Go to the line containing "using \<tau> ends by (auto simp: taus_def PiE_def" in the records below. Repeat it and the lines after it exactly, all the way to the end.

*** Given entries ***

lemma chi_tensor_upd_eq_sum:
  assumes p: "p \<in> {1..i}" and "finite T"
  shows "chi_tensor i (Y(p := T)) = (\<Sum>t\<in>T. chi_tensor i (Y(p := {t})))"
proof
  fix sig
  let ?rest = "\<Prod>s\<in>{1..i} - {p}. chisum (Y s) (sig s)"
  have split: "chi_tensor i (Y(p := Z)) sig = chisum Z (sig p) * ?rest" for Z
    unfolding chi_tensor_def using p by (simp add: prod.remove)
  have "chisum {t} v = v t" for t v
    by (simp add: chisum_def)
  then show "chi_tensor i (Y(p := T)) sig = (\<Sum>t\<in>T. chi_tensor i (Y(p := {t}))) sig"
    by (simp only: split sum_fun_apply chisum_def sum_distrib_right)
qed

definition unit_tuple :: "(nat \<Rightarrow> nat) \<Rightarrow> nat \<Rightarrow> nat \<Rightarrow> bit" where
  "unit_tuple y = (\<lambda>s z. if z = y s then 1 else 0)"

lemma chi_tensor_unit_tuple:
  assumes "\<And>s. finite (Y s)"
  shows "chi_tensor i Y (unit_tuple y) = of_bool (\<forall>s\<in>{1..i}. y s \<in> Y s)"
proof -
  have "chisum (Y s) (unit_tuple y s) = of_bool (y s \<in> Y s)" for s
    using assms by (simp add: chisum_def unit_tuple_def)
  then show ?thesis
    by (simp add: chi_tensor_def prod_of_bool)
qed

definition block_start :: "(nat \<Rightarrow> nat) \<Rightarrow> nat \<Rightarrow> nat" where
  "block_start k h = (\<Sum>j\<in>{1..<h}. k j) + 1"

lemma block_eq_interval:
  assumes "h \<ge> 1"
  shows "block k h = {block_start k h ..< block_start k h + k h}"
proof -
  have "{1..h} = insert h {1..<h}" using assms by auto
  then have "(\<Sum>j\<in>{1..h}. k j) = k h + (\<Sum>j\<in>{1..<h}. k j)" by simp
  then show ?thesis by (auto simp: block_def block_start_def)
qed

lemma finite_block [simp]: "finite (block k h)"
  by (simp add: block_def)

lemma card_block: "h \<ge> 1 \<Longrightarrow> card (block k h) = k h"
  by (simp add: block_eq_interval)

lemma block_start_mem: "h \<ge> 1 \<Longrightarrow> k h \<ge> 1 \<Longrightarrow> block_start k h \<in> block k h"
  by (simp add: block_eq_interval)

lemma block_disjoint:
  assumes "t \<in> block k h" "t \<in> block k h'"
  shows "h = h'"
proof -
  have "t \<notin> block k a \<inter> block k b" if "a < b" for a b
  proof -
    have "(\<Sum>j\<in>{1..a}. k j) \<le> (\<Sum>j\<in>{1..<b}. k j)"
      using that by (intro sum_mono2) auto
    then show ?thesis by (auto simp: block_def)
  qed
  then show ?thesis
    using assms by (metis IntI linorder_neqE_nat)
qed

text \<open>An arrangement is a \<tau> from \<^const>\<open>taus\<close> with the new symbol T renamed back to x.\<close>

definition arrangements :: "nat \<Rightarrow> nat set \<Rightarrow> nat \<Rightarrow> (nat \<Rightarrow> nat) set" where
  "arrangements i A x =
     {\<sigma> \<in> {1..i} \<rightarrow>\<^sub>E A. bij_betw \<sigma> {1..i} A \<and> (\<sigma> (i - 1) = x \<or> \<sigma> i = x)}"

lemma finite_arrangements: "finite A \<Longrightarrow> finite (arrangements i A x)"
  by (rule finite_subset[of _ "{1..i} \<rightarrow>\<^sub>E A"]) (auto simp: arrangements_def finite_PiE)

definition symbol_of :: "nat \<Rightarrow> nat set \<Rightarrow> nat \<Rightarrow> nat + nat set" where
  "symbol_of x T h = (if h = x then Inr T else Inl h)"

lemma bij_betw_arrangements_taus:
  assumes "x \<in> A" "i \<ge> 2"
  shows "bij_betw (\<lambda>\<sigma>. restrict (symbol_of x T \<circ> \<sigma>) {1..i}) (arrangements i A x) (taus i A x T)"
proof -
  let ?B = "Inl ` (A - {x}) \<union> {Inr T}"
  define \<rho>' where "\<rho>' z = (case z of Inl h \<Rightarrow> h | Inr _ \<Rightarrow> x)" for z :: "nat + nat set"
  have \<rho>: "bij_betw (symbol_of x T) A ?B"
    by (rule bij_betw_byWitness[where f'=\<rho>']) (use assms(1) in \<open>auto simp: symbol_of_def \<rho>'_def\<close>)
  have \<rho>': "bij_betw \<rho>' ?B A"
    by (rule bij_betw_byWitness[where f'="symbol_of x T"])
      (use assms(1) in \<open>auto simp: symbol_of_def \<rho>'_def\<close>)
  have ends: "i - 1 \<in> {1..i}" "i \<in> {1..i}" using assms(2) by auto
  show ?thesis
  proof (rule bij_betw_byWitness[where f' = "\<lambda>\<tau>. restrict (\<rho>' \<circ> \<tau>) {1..i}"])
    show "\<forall>\<sigma>\<in>arrangements i A x. restrict (\<rho>' \<circ> restrict (symbol_of x T \<circ> \<sigma>) {1..i}) {1..i} = \<sigma>"
      by (auto simp: arrangements_def fun_eq_iff symbol_of_def \<rho>'_def PiE_def extensional_def)
    show "\<forall>\<tau>\<in>taus i A x T. restrict (symbol_of x T \<circ> restrict (\<rho>' \<circ> \<tau>) {1..i}) {1..i} = \<tau>"
      using assms(1)
      by (auto simp: taus_def fun_eq_iff symbol_of_def \<rho>'_def PiE_def extensional_def Pi_def)
    show "(\<lambda>\<sigma>. restrict (symbol_of x T \<circ> \<sigma>) {1..i}) ` arrangements i A x \<subseteq> taus i A x T"
    proof clarify
      fix \<sigma> assume \<sigma>: "\<sigma> \<in> arrangements i A x"
      then have "bij_betw (symbol_of x T \<circ> \<sigma>) {1..i} ?B"
        using \<rho> by (auto simp: arrangements_def intro: bij_betw_trans)
      then have "bij_betw (restrict (symbol_of x T \<circ> \<sigma>) {1..i}) {1..i} ?B"
        by (rule bij_betw_cong[THEN iffD1, rotated]) simp
      moreover have "restrict (symbol_of x T \<circ> \<sigma>) {1..i} \<in> {1..i} \<rightarrow>\<^sub>E ?B"
        using \<sigma> \<rho> by (auto simp: arrangements_def bij_betw_def)
      ultimately show "restrict (symbol_of x T \<circ> \<sigma>) {1..i} \<in> taus i A x T"
        using \<sigma> ends by (auto simp: taus_def arrangements_def symbol_of_def)
    qed
    show "(\<lambda>\<tau>. restrict (\<rho>' \<circ> \<tau>) {1..i}) ` taus i A x T \<subseteq> arrangements i A x"
    proof clarify
      fix \<tau> assume \<tau>: "\<tau> \<in> taus i A x T"
      then have bij: "bij_betw (\<rho>' \<circ> \<tau>) {1..i} A"
        using \<rho>' by (auto simp: taus_def intro: bij_betw_trans)
      then have "bij_betw (restrict (\<rho>' \<circ> \<tau>) {1..i}) {1..i} A"
        by (rule bij_betw_cong[THEN iffD1, rotated]) simp
      moreover have "restrict (\<rho>' \<circ> \<tau>) {1..i} \<in> {1..i} \<rightarrow>\<^sub>E A"
        using bij_betw_imp_funcset[OF bij] by auto
      moreover have "\<tau> (i - 1) \<in> ?B" "\<tau> i \<in> ?B"
        using \<tau> ends by (auto simp: taus_def PiE_def Pi_def)
      ultimately show "restrict (\<rho>' \<circ> \<tau>) {1..i} \<in> arrangements i A x"
        using \<tau> ends by (auto simp: taus_def arrangements_def \<rho>'_def)
    qed
  qed
qed

lemma phi_tilde_eq_sum_arrangements:
  assumes "x \<in> A" "i \<ge> 2"
  shows "phi_tilde k i A x T = (\<Sum>\<sigma>\<in>arrangements i A x. chi_tensor i ((block k)(x := T) \<circ> \<sigma>))"
proof -
  have "phi_tilde k i A x T = (\<Sum>\<tau>\<in>taus i A x T. chi_tensor i (fsym k \<circ> \<tau>))"
    by (simp add: phi_tilde_def chi_tensor_def fun_eq_iff sum_fun_apply)
  also have "\<dots> = (\<Sum>\<sigma>\<in>arrangements i A x. chi_tensor i (fsym k \<circ> restrict (symbol_of x T \<circ> \<sigma>) {1..i}))"
    by (rule sum.reindex_bij_betw[OF bij_betw_arrangements_taus[OF assms], symmetric])
  also have "\<dots> = (\<Sum>\<sigma>\<in>arrangements i A x. chi_tensor i ((block k)(x := T) \<circ> \<sigma>))"
    by (intro sum.cong chi_tensor_cong) (auto simp: fsym_def symbol_of_def)
  finally show ?thesis .
qed

lemma chi_tensor_arrangement_eq_upd:
  assumes "\<sigma> \<in> arrangements i A x" "x \<in> A"
  obtains p where "p \<in> {1..i}"
    "\<And>T. chi_tensor i ((block k)(x := T) \<circ> \<sigma>) = chi_tensor i ((block k \<circ> \<sigma>)(p := T))"
proof -
  have bij: "bij_betw \<sigma> {1..i} A" using assms(1) by (simp add: arrangements_def)
  then obtain p where p: "p \<in> {1..i}" "\<sigma> p = x"
    using assms(2) by (metis bij_betw_iff_bijections)
  have "\<sigma> s = x \<longleftrightarrow> s = p" if "s \<in> {1..i}" for s
    using bij p that by (auto simp: bij_betw_def dest: inj_onD)
  then have "((block k)(x := T) \<circ> \<sigma>) s = ((block k \<circ> \<sigma>)(p := T)) s" if "s \<in> {1..i}" for s T
    using that by simp
  then show ?thesis
    by (intro that[OF p(1)] chi_tensor_cong)
qed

*** End of Given entries ***

**Result of the exercise:**
        using \<tau> ends by (auto simp: taus_def PiE_def Pi_def)
      ultimately show "restrict (\<rho>' \<circ> \<tau>) {1..i} \<in> arrangements i A x"
        using \<tau> ends by (auto simp: taus_def arrangements_def \<rho>'_def)
    qed
  qed
qed

lemma phi_tilde_eq_sum_arrangements:
  assumes "x \<in> A" "i \<ge> 2"
  shows "phi_tilde k i A x T = (\<Sum>\<sigma>\<in>arrangements i A x. chi_tensor i ((block k)(x := T) \<circ> \<sigma>))"
proof -
  have "phi_tilde k i A x T = (\<Sum>\<tau>\<in>taus i A x T. chi_tensor i (fsym k \<circ> \<tau>))"
    by (simp add: phi_tilde_def chi_tensor_def fun_eq_iff sum_fun_apply)
  also have "\<dots> = (\<Sum>\<sigma>\<in>arrangements i A x. chi_tensor i (fsym k \<circ> restrict (symbol_of x T \<circ> \<sigma>) {1..i}))"
    by (rule sum.reindex_bij_betw[OF bij_betw_arrangements_taus[OF assms], symmetric])
  also have "\<dots> = (\<Sum>\<sigma>\<in>arrangements i A x. chi_tensor i ((block k)(x := T) \<circ> \<sigma>))"
    by (intro sum.cong chi_tensor_cong) (auto simp: fsym_def symbol_of_def)
  finally show ?thesis .
qed

lemma chi_tensor_arrangement_eq_upd:
  assumes "\<sigma> \<in> arrangements i A x" "x \<in> A"
  obtains p where "p \<in> {1..i}"
    "\<And>T. chi_tensor i ((block k)(x := T) \<circ> \<sigma>) = chi_tensor i ((block k \<circ> \<sigma>)(p := T))"
proof -
  have bij: "bij_betw \<sigma> {1..i} A" using assms(1) by (simp add: arrangements_def)
  then obtain p where p: "p \<in> {1..i}" "\<sigma> p = x"
    using assms(2) by (metis bij_betw_iff_bijections)
  have "\<sigma> s = x \<longleftrightarrow> s = p" if "s \<in> {1..i}" for s
    using bij p that by (auto simp: bij_betw_def dest: inj_onD)
  then have "((block k)(x := T) \<circ> \<sigma>) s = ((block k \<circ> \<sigma>)(p := T)) s" if "s \<in> {1..i}" for s T
    using that by simp
  then show ?thesis
    by (intro that[OF p(1)] chi_tensor_cong)
qed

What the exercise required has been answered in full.